3.3. Molecular Structure Construction and Optimization

As the first step of model development, molecular structure files were constructed for each individual compound included in the training and validation datasets. For the 106 compounds included in this study, the molecular structures were extracted mainly from the US National Library of Medicine TOXNET ChemIDplus Database (TOXNET) [44]. In rare cases where the files were not available from the TOXNET, they were extracted from the National Institute of Standards and Technology’s Chemistry WebBook [45] and SciFinder® [46]. These molecular structure files were graphically transformed and optimized in the HyperChem® Molecular Modeling System [47]. The molecular mechanics calculations involved in the optimization were performed first using MM+ force field to optimize the molecular geometries with lower optimization accuracy, and then the semi-empirical calculations were carried out using the routines AM1 to complete the full geometry optimization with higher accuracy.
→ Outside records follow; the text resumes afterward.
(* Let $G=(V,E)$ be a connected simple graph with a set-valued metric $\Omega(-,-)$. Then $d_G(x,y)\ge|\Omega(x,y)|$ for all $x,y\in V$, where $d_G$ is the graph distance.
   Context: For a connected simple graph $G=(V,E)$ and a set $\Omega$, a set-valued metric on $G$ is a function $\Omega(-,-):V\times V\to 2^{\Omega}$ such that $\Omega(x,y)=\Omega(y,x)$ for all $x,y$; $|\Omega(x,y)|=1$ whenever $\{x,y\}\in E$; and $\Omega(x,z)=\Omega(x,y)\triangle\Omega(y,z)$ for all $x,y,z$, where $\triangle$ is symmetric difference. *)

theory Defs
  imports Main
begin

definition simple_graph :: "'a set \<Rightarrow> ('a \<Rightarrow> 'a \<Rightarrow> bool) \<Rightarrow> bool" where
  "simple_graph V E \<longleftrightarrow>
     (\<forall>x y. E x y \<longrightarrow> x \<in> V \<and> y \<in> V) \<and>
     (\<forall>x y. E x y \<longrightarrow> E y x) \<and> (\<forall>x. \<not> E x x)"

definition is_walk :: "('a \<Rightarrow> 'a \<Rightarrow> bool) \<Rightarrow> 'a \<Rightarrow> 'a \<Rightarrow> 'a list \<Rightarrow> bool" where
  "is_walk E x y ps \<longleftrightarrow> ps \<noteq> [] \<and> hd ps = x \<and> last ps = y \<and>
     (\<forall>i. Suc i < length ps \<longrightarrow> E (ps ! i) (ps ! Suc i))"

definition connected_graph :: "'a set \<Rightarrow> ('a \<Rightarrow> 'a \<Rightarrow> bool) \<Rightarrow> bool" where
  "connected_graph V E \<longleftrightarrow> V \<noteq> {} \<and> (\<forall>x\<in>V. \<forall>y\<in>V. \<exists>ps. is_walk E x y ps)"

definition graph_dist :: "('a \<Rightarrow> 'a \<Rightarrow> bool) \<Rightarrow> 'a \<Rightarrow> 'a \<Rightarrow> nat" where
  "graph_dist E x y = (LEAST n. \<exists>ps. is_walk E x y ps \<and> length ps = Suc n)"

definition set_valued_metric ::
  "'a set \<Rightarrow> ('a \<Rightarrow> 'a \<Rightarrow> bool) \<Rightarrow> ('a \<Rightarrow> 'a \<Rightarrow> 'b set) \<Rightarrow> bool" where
  "set_valued_metric V E Om \<longleftrightarrow>
     (\<forall>x\<in>V. \<forall>y\<in>V. Om x y = Om y x) \<and>
     (\<forall>x y. E x y \<longrightarrow> card (Om x y) = 1) \<and>
     (\<forall>x\<in>V. \<forall>y\<in>V. \<forall>z\<in>V. Om x z = (Om x y - Om y z) \<union> (Om y z - Om x y))"

end

theory Submission
  imports Defs
begin

text \<open>Along a walk from \<open>x\<close> to \<open>y\<close> the identity
  \<open>\<Omega>(x,y) = \<Omega>(x,v) \<triangle> \<Omega>(v,y)\<close> for the second vertex \<open>v\<close> lets us peel off one edge at a time.
  Each edge contributes a singleton and a symmetric difference has at most as many elements as
  its two operands together, so \<open>|\<Omega>(x,y)|\<close> is bounded by the length of every walk, in particular
  of a shortest one.\<close>

lemma card_sym_diff_le:
  assumes "finite A" "finite B"
  shows "card ((A - B) \<union> (B - A)) \<le> card A + card B"
proof -
  have "card ((A - B) \<union> (B - A)) \<le> card (A - B) + card (B - A)" by (rule card_Un_le)
  also have "\<dots> \<le> card A + card B"
    using assms by (intro add_mono card_mono) auto
  finally show ?thesis .
qed

lemma is_walk_singleton_iff: "is_walk E x y [v] \<longleftrightarrow> x = v \<and> y = v"
  unfolding is_walk_def by auto

lemma is_walk_Cons_Cons_iff:
  "is_walk E x y (u # v # ps) \<longleftrightarrow> x = u \<and> E u v \<and> is_walk E v y (v # ps)"
proof -
  have "(\<forall>i. Suc i < length (u # v # ps) \<longrightarrow> E ((u # v # ps) ! i) ((u # v # ps) ! Suc i))
    \<longleftrightarrow> E u v \<and> (\<forall>i. Suc i < length (v # ps) \<longrightarrow> E ((v # ps) ! i) ((v # ps) ! Suc i))"
    (is "?all \<longleftrightarrow> _")
  proof
    assume all: ?all
    show "E u v \<and> (\<forall>i. Suc i < length (v # ps) \<longrightarrow> E ((v # ps) ! i) ((v # ps) ! Suc i))"
    proof (intro conjI allI impI)
      show "E u v" using all[rule_format, of 0] by simp
    next
      fix i assume "Suc i < length (v # ps)"
      then show "E ((v # ps) ! i) ((v # ps) ! Suc i)" using all[rule_format, of "Suc i"] by simp
    qed
  next
    assume *: "E u v \<and> (\<forall>i. Suc i < length (v # ps) \<longrightarrow> E ((v # ps) ! i) ((v # ps) ! Suc i))"
    show ?all
    proof (intro allI impI)
      fix i assume "Suc i < length (u # v # ps)"
      with * show "E ((u # v # ps) ! i) ((u # v # ps) ! Suc i)" by (cases i) auto
    qed
  qed
  then show ?thesis unfolding is_walk_def by auto
qed

lemma is_walk_last_in_vertices:
  assumes "simple_graph V E" "is_walk E x y ps" "x \<in> V"
  shows "y \<in> V"
  using assms(2,3)
proof (induction ps arbitrary: x rule: induct_list012)
  case 1 then show ?case by (simp add: is_walk_def)
next
  case (2 v) then show ?case by (simp add: is_walk_singleton_iff)
next
  case (3 u v ps)
  then have "E x v" "is_walk E v y (v # ps)" by (simp_all add: is_walk_Cons_Cons_iff)
  with assms(1) 3 show ?case unfolding simple_graph_def by blast
qed

lemma set_valued_metric_self:
  assumes "set_valued_metric V E Om" "x \<in> V"
  shows "Om x x = {}"
  using assms unfolding set_valued_metric_def by (metis Diff_cancel Un_absorb)

lemma card_set_valued_metric_le_walk_length:
  assumes "simple_graph V E" "set_valued_metric V E Om"
    and "is_walk E x y ps" "x \<in> V"
  shows "finite (Om x y) \<and> card (Om x y) \<le> length ps - 1"
  using assms(3,4)
proof (induction ps arbitrary: x rule: induct_list012)
  case 1 then show ?case by (simp add: is_walk_def)
next
  case (2 v)
  then show ?case using set_valued_metric_self[OF assms(2)] by (simp add: is_walk_singleton_iff)
next
  case (3 u v ps)
  then have edge: "E x v" and walk: "is_walk E v y (v # ps)"
    by (simp_all add: is_walk_Cons_Cons_iff)
  have "v \<in> V" using assms(1) edge unfolding simple_graph_def by blast
  then have IH: "finite (Om v y) \<and> card (Om v y) \<le> length ps"
    using "3.IH"(2) walk by simp
  have "y \<in> V" using is_walk_last_in_vertices[OF assms(1) walk \<open>v \<in> V\<close>] .
  then have split: "Om x y = (Om x v - Om v y) \<union> (Om v y - Om x v)"
    using assms(2) \<open>x \<in> V\<close> \<open>v \<in> V\<close> unfolding set_valued_metric_def by blast
  have card_edge: "card (Om x v) = 1" using assms(2) edge unfolding set_valued_metric_def by blast
  then have "finite (Om x v)" by (metis card.infinite zero_neq_one)
  then have "card (Om x y) \<le> card (Om x v) + card (Om v y)"
    unfolding split using IH by (intro card_sym_diff_le) auto
  moreover have "finite (Om x y)" unfolding split using \<open>finite (Om x v)\<close> IH by auto
  ultimately show ?case using card_edge IH by simp
qed

lemma graph_dist_attained:
  assumes "is_walk E x y ps"
  shows "\<exists>qs. is_walk E x y qs \<and> length qs = Suc (graph_dist E x y)"
proof -
  have "\<exists>n qs. is_walk E x y qs \<and> length qs = Suc n"
    using assms unfolding is_walk_def by (metis length_greater_0_conv Suc_pred)
  then show ?thesis unfolding graph_dist_def by (rule LeastI_ex)
qed

theorem proposition3p5:
  fixes V :: "'a set" and E :: "'a \<Rightarrow> 'a \<Rightarrow> bool" and Om :: "'a \<Rightarrow> 'a \<Rightarrow> 'b set"
  assumes "simple_graph V E" and "connected_graph V E"
    and "set_valued_metric V E Om"
    and "x \<in> V" and "y \<in> V"
  shows "graph_dist E x y \<ge> card (Om x y)"
proof -
  obtain ps where "is_walk E x y ps"
    using assms(2,4,5) unfolding connected_graph_def by blast
  then obtain qs where "is_walk E x y qs" "length qs = Suc (graph_dist E x y)"
    by (blast dest: graph_dist_attained)
  then show ?thesis
    using card_set_valued_metric_le_walk_length[OF assms(1,3) _ assms(4)] by fastforce
qed

end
3.4. Molecular Descriptor Calculation

In the next step, the Dragon® software [24] in version 5.5 was used to calculate the molecular descriptors for all the compounds according to their optimized molecular structure. A newer release of Dragon® was available and had been applied in the development of QSAR. For example, Chavan et al. [48] employed Dragon® 6.0 in their investigation of the possibility of establishing a global QSAR model for acute toxicity based on a database of 436 chemicals. In this study, however, version 5.5 of the software was employed, as it allowed us to follow the definition and algorithm underlying the calculation of specific molecular descriptors in order to characterize the molecular properties with these descriptors, which was essential to interpreting the transdermal movement behavior of molecules in the epidermal skin. The definition and relevant algorithmic details for all molecular descriptors in Dragon® 5.5 may be found, as indicated in its user manual, in the Handbook of Molecular Descriptors [49] and the Molecular Descriptors for Chemoinformatics [50]. The Dragon® software in version 5.5 could calculate up to 3,224 descriptors for every molecule. However, some molecular descriptors gave the same numerical values for all explored compounds, and in the MLR model they were indistinguishable in terms of a correlation with the dependent variable for the explored dataset. As a result these descriptors were excluded from the MLR model construction. With their removal a total of 1530 molecular descriptors remained as the candidates of the regressor variables for the MLR model of log Kp.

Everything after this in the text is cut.